Melihat lima orang anak buahnya menggigil dan muka mereka kebiruan, Ji Song cepat menghampiri mereka dan dengan menempelkan telapak tangannya sebentar dalam gerakan menekan, dia telah menyalurkan sin-kang dan membantu mereka mengusir keluar hawa dingin yang menyesak dada. Lima orang itu maklum bahwa mereka bukanlah lawan pemuda tanggung itu, maka mereka lalu mundur mentaati isyarat mata yang diberikan Ji Song kepada mereka.
Hek-tiauw Lo-mo mengerutkan alisnya yang sudah terhias uban. Sama sekali tidak diduganya keadaan akan menjadi demikian. Lima orang anak buahnya kalah oleh seorang pemuda tanggung, hanya dalam segebrakan saja! Hal yang tidak mungkin!
Akan tetapi jelas telah terjadi! Gerakan pemuda itu tadi amat cepat dan hebat, dilakukan dengan tenang, ciri khas ilmu silat yang tinggi tingkatnya. Mulai khawatirlah hatinya. Benarkah ayah kedua orang pemuda yang berjuluk Pendekar Super Sakti itu amat hebat ilmunya? Tidak, tidak bisa dia percaya bahwa di dunia ini ada seorang tokoh yang akan mampu menandinginya.
“Bagus sekali!”
Hanya satu kali dia menggerakkan kaki dan tubuhnya sudah mencelat ke depan Kian Bu dan Kian Lee. Sejenak dia menatap wajah kedua orang pemuda tanggung itu.

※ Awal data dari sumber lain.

(* Let $\mathfrak g$ be a nonsemisimple complex Lie algebra, $\mathfrak p$ a solvable nonperfect ideal of $\mathfrak g$, and $V$ an irreducible $\mathfrak g$-module. Then the following are equivalent: (1) $V$ is a locally finite $\mathfrak p$-module (every $v\in V$ lies in a finite-dimensional $\mathfrak p$-submodule); (2) $V$ is a quasi-Whittaker module for $\mathfrak g$, i.e., there exist a Lie algebra homomorphism $\phi:\mathfrak p\to\mathbb C$ and a vector $v\in V$ with $pv=\phi(p)v$ for all $p\in\mathfrak p$ that generates $V$ as a $\mathfrak g$-module.
   Context: A Lie algebra homomorphism $\phi:\mathfrak p\to\mathbb C$ is a linear map vanishing on $[\mathfrak p,\mathfrak p]$. A vector $v$ with $pv=\phi(p)v$ for all $p\in\mathfrak p$ is called a quasi-Whittaker vector of type $\phi$, and a module generated by such a vector a quasi-Whittaker module of type $\phi$. *)

theory Defs
  imports Complex_Main
begin

definition fin_dim_subspace :: "(complex \<Rightarrow> 'a::ab_group_add \<Rightarrow> 'a) \<Rightarrow> 'a set \<Rightarrow> bool" where
  "fin_dim_subspace sc W \<longleftrightarrow> (\<exists>B. finite B \<and> B \<subseteq> W \<and> module.span sc B = W)"

definition lie_algebra :: "(complex \<Rightarrow> 'g::ab_group_add \<Rightarrow> 'g) \<Rightarrow> ('g \<Rightarrow> 'g \<Rightarrow> 'g) \<Rightarrow> bool" where
  "lie_algebra sg br \<longleftrightarrow> vector_space sg \<and>
     (\<forall>a b x y z. br (sg a x + sg b y) z = sg a (br x z) + sg b (br y z)) \<and>
     (\<forall>a b x y z. br z (sg a x + sg b y) = sg a (br z x) + sg b (br z y)) \<and>
     (\<forall>x. br x x = 0) \<and>
     (\<forall>x y z. br x (br y z) + br y (br z x) + br z (br x y) = 0)"

definition lie_ideal :: "(complex \<Rightarrow> 'g::ab_group_add \<Rightarrow> 'g) \<Rightarrow> ('g \<Rightarrow> 'g \<Rightarrow> 'g) \<Rightarrow> 'g set \<Rightarrow> bool" where
  "lie_ideal sg br I \<longleftrightarrow> module.subspace sg I \<and> (\<forall>x y. y \<in> I \<longrightarrow> br x y \<in> I)"

definition derived :: "(complex \<Rightarrow> 'g::ab_group_add \<Rightarrow> 'g) \<Rightarrow> ('g \<Rightarrow> 'g \<Rightarrow> 'g) \<Rightarrow> 'g set \<Rightarrow> 'g set" where
  "derived sg br I = module.span sg {br a b | a b. a \<in> I \<and> b \<in> I}"

fun derived_series :: "(complex \<Rightarrow> 'g::ab_group_add \<Rightarrow> 'g) \<Rightarrow> ('g \<Rightarrow> 'g \<Rightarrow> 'g) \<Rightarrow> 'g set \<Rightarrow> nat \<Rightarrow> 'g set" where
  "derived_series sg br I 0 = I"
| "derived_series sg br I (Suc n) = derived sg br (derived_series sg br I n)"

definition solvable :: "(complex \<Rightarrow> 'g::ab_group_add \<Rightarrow> 'g) \<Rightarrow> ('g \<Rightarrow> 'g \<Rightarrow> 'g) \<Rightarrow> 'g set \<Rightarrow> bool" where
  "solvable sg br I \<longleftrightarrow> (\<exists>n. derived_series sg br I n = {0})"

definition perfect :: "(complex \<Rightarrow> 'g::ab_group_add \<Rightarrow> 'g) \<Rightarrow> ('g \<Rightarrow> 'g \<Rightarrow> 'g) \<Rightarrow> 'g set \<Rightarrow> bool" where
  "perfect sg br I \<longleftrightarrow> derived sg br I = I"

definition semisimple :: "(complex \<Rightarrow> 'g::ab_group_add \<Rightarrow> 'g) \<Rightarrow> ('g \<Rightarrow> 'g \<Rightarrow> 'g) \<Rightarrow> bool" where
  "semisimple sg br \<longleftrightarrow> (UNIV :: 'g set) \<noteq> {0} \<and>
     (\<forall>I. lie_ideal sg br I \<and> solvable sg br I \<longrightarrow> I = {0})"

definition lie_module ::
  "(complex \<Rightarrow> 'g::ab_group_add \<Rightarrow> 'g) \<Rightarrow> ('g \<Rightarrow> 'g \<Rightarrow> 'g) \<Rightarrow>
   (complex \<Rightarrow> 'v::ab_group_add \<Rightarrow> 'v) \<Rightarrow> ('g \<Rightarrow> 'v \<Rightarrow> 'v) \<Rightarrow> bool" where
  "lie_module sg br sv act \<longleftrightarrow> vector_space sv \<and>
     (\<forall>a b x y v. act (sg a x + sg b y) v = sv a (act x v) + sv b (act y v)) \<and>
     (\<forall>a b x v w. act x (sv a v + sv b w) = sv a (act x v) + sv b (act x w)) \<and>
     (\<forall>x y v. act (br x y) v = act x (act y v) - act y (act x v))"

text \<open>W is a P-submodule (P = UNIV: a g-submodule).\<close>
definition submodule ::
  "(complex \<Rightarrow> 'v::ab_group_add \<Rightarrow> 'v) \<Rightarrow> ('g \<Rightarrow> 'v \<Rightarrow> 'v) \<Rightarrow> 'g set \<Rightarrow> 'v set \<Rightarrow> bool" where
  "submodule sv act P W \<longleftrightarrow> module.subspace sv W \<and> (\<forall>x\<in>P. \<forall>w\<in>W. act x w \<in> W)"

definition irreducible_module ::
  "(complex \<Rightarrow> 'v::ab_group_add \<Rightarrow> 'v) \<Rightarrow> ('g \<Rightarrow> 'v \<Rightarrow> 'v) \<Rightarrow> bool" where
  "irreducible_module sv act \<longleftrightarrow> (UNIV :: 'v set) \<noteq> {0} \<and>
     (\<forall>W. submodule sv act UNIV W \<longrightarrow> W = {0} \<or> W = UNIV)"
definition act_comb ::
  "(gen \<Rightarrow> ('a \<Rightarrow> complex) \<Rightarrow> 'a \<Rightarrow> complex) \<Rightarrow> (complex \<times> gen) list \<Rightarrow> ('a \<Rightarrow> complex) \<Rightarrow> 'a \<Rightarrow> complex"
  where "act_comb act cs F = (\<lambda>p. \<Sum>(c, x)\<leftarrow>cs. c * act x F p)"

lemma act_comb_Nil: "act_comb act [] F = (\<lambda>_. 0)"
  by (simp add: act_comb_def)

lemma act_comb_Cons: "act_comb act ((c, x) # cs) F = (\<lambda>p. c * act x F p + act_comb act cs F p)"
  by (simp add: act_comb_def)

definition lin_closed :: "('a \<Rightarrow> complex) set \<Rightarrow> bool" where
  "lin_closed M \<longleftrightarrow> (\<forall>f\<in>M. \<forall>g\<in>M. (\<lambda>p. f p + g p) \<in> M) \<and> (\<forall>c. \<forall>f\<in>M. (\<lambda>p. c * f p) \<in> M)"

lemma lin_closed_tensor_carrier: "lin_closed tensor_carrier"
  by (simp add: lin_closed_def tensor_carrier_add tensor_carrier_scale)

lemma lin_closed_add: "lin_closed M \<Longrightarrow> f \<in> M \<Longrightarrow> g \<in> M \<Longrightarrow> (\<lambda>p. f p + g p) \<in> M"
  by (simp add: lin_closed_def)

lemma lin_closed_scale: "lin_closed M \<Longrightarrow> f \<in> M \<Longrightarrow> (\<lambda>p. c * f p) \<in> M"
  by (simp add: lin_closed_def)

context
  fixes M :: "('a \<Rightarrow> complex) set" and act M' act' \<phi>
  assumes iso: "module_iso M act M' act' \<phi>" and closed: "lin_closed M"
begin

lemma module_iso_add: "f \<in> M \<Longrightarrow> g \<in> M \<Longrightarrow> \<phi> (\<lambda>p. f p + g p) = (\<lambda>q. \<phi> f q + \<phi> g q)"
  using iso unfolding module_iso_def by blast

lemma module_iso_scale: "f \<in> M \<Longrightarrow> \<phi> (\<lambda>p. c * f p) = (\<lambda>q. c * \<phi> f q)"
  using iso unfolding module_iso_def by blast

lemma module_iso_act: "f \<in> M \<Longrightarrow> \<phi> (act x f) = act' x (\<phi> f)"
  using iso unfolding module_iso_def by blast

lemma module_iso_zero: "f \<in> M \<Longrightarrow> \<phi> (\<lambda>_. 0) = (\<lambda>_. 0)"
  using module_iso_scale[of f 0] by simp

lemma module_iso_nonzero:
  assumes "f \<in> M" "f \<noteq> (\<lambda>_. 0)"
  shows "\<phi> f \<noteq> (\<lambda>_. 0)"
proof
  assume "\<phi> f = (\<lambda>_. 0)"
  moreover have "(\<lambda>_. 0) \<in> M"
    using lin_closed_scale[OF closed assms(1), of 0] by simp
  moreover have "inj_on \<phi> M"
    using iso by (simp add: module_iso_def bij_betw_def)
  ultimately have "f = (\<lambda>_. 0)"
    using assms(1) module_iso_zero[OF assms(1)] by (metis inj_onD)
  with assms(2) show False ..
qed

lemma module_iso_act_eigen:
  assumes "f \<in> M" "act x f = (\<lambda>p. \<kappa> * f p)"
  shows "act' x (\<phi> f) = (\<lambda>q. \<kappa> * \<phi> f q)"
proof -
  have "act' x (\<phi> f) = \<phi> (act x f)"
    using module_iso_act[OF assms(1)] by simp
  also have "\<dots> = (\<lambda>q. \<kappa> * \<phi> f q)"
    unfolding assms(2) by (rule module_iso_scale[OF assms(1)])
  finally show ?thesis .
qed

lemma act_comb_closed:
  "f \<in> M \<Longrightarrow> (\<And>c x. (c, x) \<in> set cs \<Longrightarrow> act x f \<in> M) \<Longrightarrow> act_comb act cs f \<in> M"
proof (induction cs)
  case Nil
  then show ?case
    using lin_closed_scale[OF closed, of f 0] by (simp add: act_comb_Nil)
next
  case (Cons cx cs)
  obtain c x where cx: "cx = (c, x)"
    by fastforce
  have "act x f \<in> M" "act_comb act cs f \<in> M"
    using Cons cx by auto
  then show ?case
    by (simp add: cx act_comb_Cons lin_closed_add[OF closed] lin_closed_scale[OF closed])
qed

lemma module_iso_act_comb:
  "f \<in> M \<Longrightarrow> (\<And>c x. (c, x) \<in> set cs \<Longrightarrow> act x f \<in> M) \<Longrightarrow>
    \<phi> (act_comb act cs f) = act_comb act' cs (\<phi> f)"
proof (induction cs)
  case Nil
  then show ?case
    by (simp add: act_comb_Nil module_iso_zero)
next
  case (Cons cx cs)
  obtain c x where cx: "cx = (c, x)"
    by fastforce
  have "act x f \<in> M" "act_comb act cs f \<in> M"
    using Cons.prems cx by (auto intro: act_comb_closed)
  moreover have "\<phi> (act_comb act cs f) = act_comb act' cs (\<phi> f)"
    using Cons by auto
  ultimately show ?case
    using Cons.prems
    by (simp add: cx act_comb_Cons module_iso_add lin_closed_scale[OF closed] module_iso_scale
        module_iso_act)
qed

lemma module_iso_act_comb_eigen:
  assumes "f \<in> M" "\<And>c x. (c, x) \<in> set cs \<Longrightarrow> act x f \<in> M"
    and "act_comb act cs f = (\<lambda>p. \<kappa> * f p)"
  shows "act_comb act' cs (\<phi> f) = (\<lambda>q. \<kappa> * \<phi> f q)"
proof -
  have "act_comb act' cs (\<phi> f) = \<phi> (act_comb act cs f)"
    using module_iso_act_comb[OF assms(1,2)] by simp
  also have "\<dots> = (\<lambda>q. \<kappa> * \<phi> f q)"
    unfolding assms(3) by (rule module_iso_scale[OF assms(1)])
  finally show ?thesis .
qed

end

section \<open>Joint eigenvectors of the \<open>J\<^sub>m\<close>\<close>

lemma omega_tensor_J:
  "omega_tensor l1 e1 s1 l2 e2 s2 (J m) G x =
     l1 powi m * s1 * G (x + ((1, - of_int m), 0)) + l2 powi m * s2 * G (x + (0, (1, - of_int m)))"
  by (cases x) (auto simp: omega_tensor_def tensor_act_def)

lemma J_eigenvalue:
  assumes "is_diff_poly G" "G \<noteq> (\<lambda>_. 0)"
    and eigen: "omega_tensor l1 e1 s1 l2 e2 s2 (J m) G = (\<lambda>p. c * G p)"
  shows "c = s1 * l1 powi m + s2 * l2 powi m"
proof (rule ccontr)
  define \<kappa> where "\<kappa> = c - (s1 * l1 powi m + s2 * l2 powi m)"
  assume "c \<noteq> s1 * l1 powi m + s2 * l2 powi m"
  then have "\<kappa> \<noteq> 0"
    by (simp add: \<kappa>_def)
  obtain k where "G \<in> diff_poly k"
    using assms(1) unfolding is_diff_poly_def by blast
  moreover have "G x = l1 powi m * s1 / \<kappa> * (G (x + ((1, - of_int m), 0)) - G x)
      + l2 powi m * s2 / \<kappa> * (G (x + (0, (1, - of_int m))) - G x)" for x
  proof -
    have "\<kappa> * G x = l1 powi m * s1 * (G (x + ((1, - of_int m), 0)) - G x)
        + l2 powi m * s2 * (G (x + (0, (1, - of_int m))) - G x)"
      using fun_cong[OF eigen, of x] by (simp add: omega_tensor_J \<kappa>_def algebra_simps)
    then show ?thesis
      using \<open>\<kappa> \<noteq> 0\<close> by (simp add: divide_simps) (simp add: algebra_simps)
  qed
  ultimately have "G = (\<lambda>_. 0)"
    by (rule diff_poly_eq_0_if_diff_comb)
  with assms(2) show False ..
qed

definition T_invariant :: "(point \<Rightarrow> complex) \<Rightarrow> bool" where
  "T_invariant G \<longleftrightarrow> (\<forall>s t v m. G ((s, t - of_int m), v) = G ((s, t), v)) \<and>
                      (\<forall>s t u m. G (u, (s, t - of_int m)) = G (u, (s, t)))"

lemma J_eigenvector_T_invariant:
  assumes "l1 \<noteq> 0" "l2 \<noteq> 0" "l1 \<noteq> l2" "s1 \<noteq> 0" "s2 \<noteq> 0" "is_diff_poly G"
    and eigen: "\<And>m. omega_tensor l1 e1 s1 l2 e2 s2 (J m) G = (\<lambda>p. (s1 * l1 powi m + s2 * l2 powi m) * G p)"
  shows "T_invariant G"
proof -
  obtain k where k: "G \<in> diff_poly k"
    using assms(6) unfolding is_diff_poly_def by blast
  have shifts: "G (x + ((1, - of_int m), 0)) = G x \<and> G (x + (0, (1, - of_int m))) = G x" for x m
  proof -
    define f where "f m = s1 * (G (x + ((1, - of_int m), 0)) - G x)" for m
    define g where "g m = s2 * (G (x + (0, (1, - of_int m))) - G x)" for m
    have "(\<lambda>m. G (x + ((1, 0), 0) + ((0, - of_int m), 0)) - G x) \<in> diff_poly (Suc k)"
      by (rule diff_poly_comp_affine_minus_const[OF _ k]) simp
    then have f: "f \<in> diff_poly (Suc k)"
      unfolding f_def by (intro diff_poly_scale) (simp add: add.assoc)
    have "(\<lambda>m. G (x + (0, (1, 0)) + (0, (0, - of_int m))) - G x) \<in> diff_poly (Suc k)"
      by (rule diff_poly_comp_affine_minus_const[OF _ k]) simp
    then have g: "g \<in> diff_poly (Suc k)"
      unfolding g_def by (intro diff_poly_scale) (simp add: add.assoc)
    have "l1 powi m * f m + l2 powi m * g m = 0" for m
      using fun_cong[OF eigen[of m], of x] by (simp add: omega_tensor_J f_def g_def algebra_simps)
    from diff_poly_exp_comb_eq_0[OF assms(1-3) f g this]
    show ?thesis
      using assms(4,5) by (simp add: f_def g_def fun_eq_iff)
  qed
  show ?thesis
    unfolding T_invariant_def
  proof (intro conjI allI)
    fix s t u m
    show "G ((s, t - of_int m), u) = G ((s, t), u)"
      using shifts[of "((s - 1, t), u)" m] shifts[of "((s - 1, t), u)" 0] by simp
    show "G (u, (s, t - of_int m)) = G (u, (s, t))"
      using shifts[of "(u, (s - 1, t))" m] shifts[of "(u, (s - 1, t))" 0] by simp
  qed
qed

section \<open>The operators \<open>Z\<^sub>n\<close>\<close>

lemma omega_tensor_L_T_invariant:
  "T_invariant G \<Longrightarrow> omega_tensor l1 e1 s1 l2 e2 s2 (L m) G ((s, t), (s', t')) =
    (l1 powi m * (t + of_int m * s + of_int m * e1) + l2 powi m * (t' + of_int m * s' + of_int m * e2))
      * G ((s, t), (s', t'))"
  unfolding T_invariant_def by (simp add: omega_tensor_def tensor_act_def algebra_simps)

lemma omega_tensor_H_T_invariant:
  "T_invariant G \<Longrightarrow> omega_tensor l1 e1 s1 l2 e2 s2 (H m) G ((s, t), (s', t')) =
    (l1 powi m * s + l2 powi m * s') * G ((s, t), (s', t'))"
  unfolding T_invariant_def by (simp add: omega_tensor_def tensor_act_def algebra_simps)

text \<open>On \<open>T\<close>-invariant vectors \<open>L\<^sub>m - m H\<^sub>m\<close> acts by \<open>\<Sum>\<^sub>i \<lambda>\<^sub>i\<^sup>m (T\<^sub>i + m \<eta>\<^sub>i)\<close>.
  \<open>Z_comb u v n\<close> combines three consecutive such operators with the coefficients of
  \<open>z\<^sup>2 - u z + v\<close>; for \<open>u = \<lambda>\<^sub>1 + \<lambda>\<^sub>2\<close>, \<open>v = \<lambda>\<^sub>1 \<lambda>\<^sub>2\<close> the \<open>T\<^sub>i\<close> cancel.\<close>

definition Z_comb :: "complex \<Rightarrow> complex \<Rightarrow> int \<Rightarrow> (complex \<times> gen) list" where
  "Z_comb u v n =
    [(v, L (n - 1)), (- v * of_int (n - 1), H (n - 1)),
     (- u, L n), (u * of_int n, H n),
     (1, L (n + 1)), (- of_int (n + 1), H (n + 1))]"

lemma omega_tensor_Z_comb_T_invariant:
  assumes "T_invariant G" "l1 \<noteq> 0" "l2 \<noteq> 0"
  shows "act_comb (omega_tensor l1 e1 s1 l2 e2 s2) (Z_comb (l1 + l2) (l1 * l2) n) G =
    (\<lambda>p. (l1 - l2) * (l1 powi n * e1 - l2 powi n * e2) * G p)"
proof
  fix p :: point
  obtain s t s' t' where p: "p = ((s, t), (s', t'))"
    by (metis prod.collapse)
  have powers: "l1 powi (n - 1) = l1 powi n / l1" "l1 powi (1 + n) = l1 powi n * l1"
    "l2 powi (n - 1) = l2 powi n / l2" "l2 powi (1 + n) = l2 powi n * l2"
    using assms(2,3) by (simp_all add: power_int_diff power_int_add)
  show "act_comb (omega_tensor l1 e1 s1 l2 e2 s2) (Z_comb (l1 + l2) (l1 * l2) n) G p =
      (l1 - l2) * (l1 powi n * e1 - l2 powi n * e2) * G p"
    unfolding p act_comb_def Z_comb_def
    using assms(2,3)
    by (simp add: omega_tensor_L_T_invariant[OF assms(1)] omega_tensor_H_T_invariant[OF assms(1)]
        powers field_simps)
qed

section \<open>Exponential sums\<close>

lemma exp_sums_eq_root:
  fixes l1 l2 l1' l2' s1 s2 s1' s2' :: "'a::comm_ring_1"
  assumes "\<And>n. s1 * l1 ^ n + s2 * l2 ^ n = s1' * l1' ^ n + s2' * l2' ^ n"
  shows "s1 * (l1 - l2) * (l1 - l1') * (l1 - l2') = 0"
proof -
  \<comment> \<open>apply \<open>(z - l2) (z - l1') (z - l2')\<close>, which annihilates all terms but \<open>s1 l1\<^sup>n\<close>\<close>
  have "s1 * (l1 - l2) * (l1 - l1') * (l1 - l2') =
    (s1 * l1 ^ 3 + s2 * l2 ^ 3 - (s1' * l1' ^ 3 + s2' * l2' ^ 3))
    - (l2 + l1' + l2') * (s1 * l1 ^ 2 + s2 * l2 ^ 2 - (s1' * l1' ^ 2 + s2' * l2' ^ 2))
    + (l2 * l1' + l2 * l2' + l1' * l2') * (s1 * l1 ^ 1 + s2 * l2 ^ 1 - (s1' * l1' ^ 1 + s2' * l2' ^ 1))
    - l2 * l1' * l2' * (s1 * l1 ^ 0 + s2 * l2 ^ 0 - (s1' * l1' ^ 0 + s2' * l2' ^ 0))"
    by (simp add: algebra_simps power2_eq_square power3_eq_cube)
  also have "\<dots> = 0"
    by (simp only: assms diff_self) simp
  finally show ?thesis .
qed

“Kalian ternyata memiliki juga sedikit kepandaian. Hendak kulihat apakah kalian dapat bertahan sampai sepuluh jurus melawanku. ”
“Tocu, mengapa tocu mendesak kami? Kami berdua orang muda sama sekali tidak mempunyai niat untuk melawan tocu. Mana kami berani bersikap begitu kurang ajar?” Kian Lee masih berusaha membujuk ketua itu.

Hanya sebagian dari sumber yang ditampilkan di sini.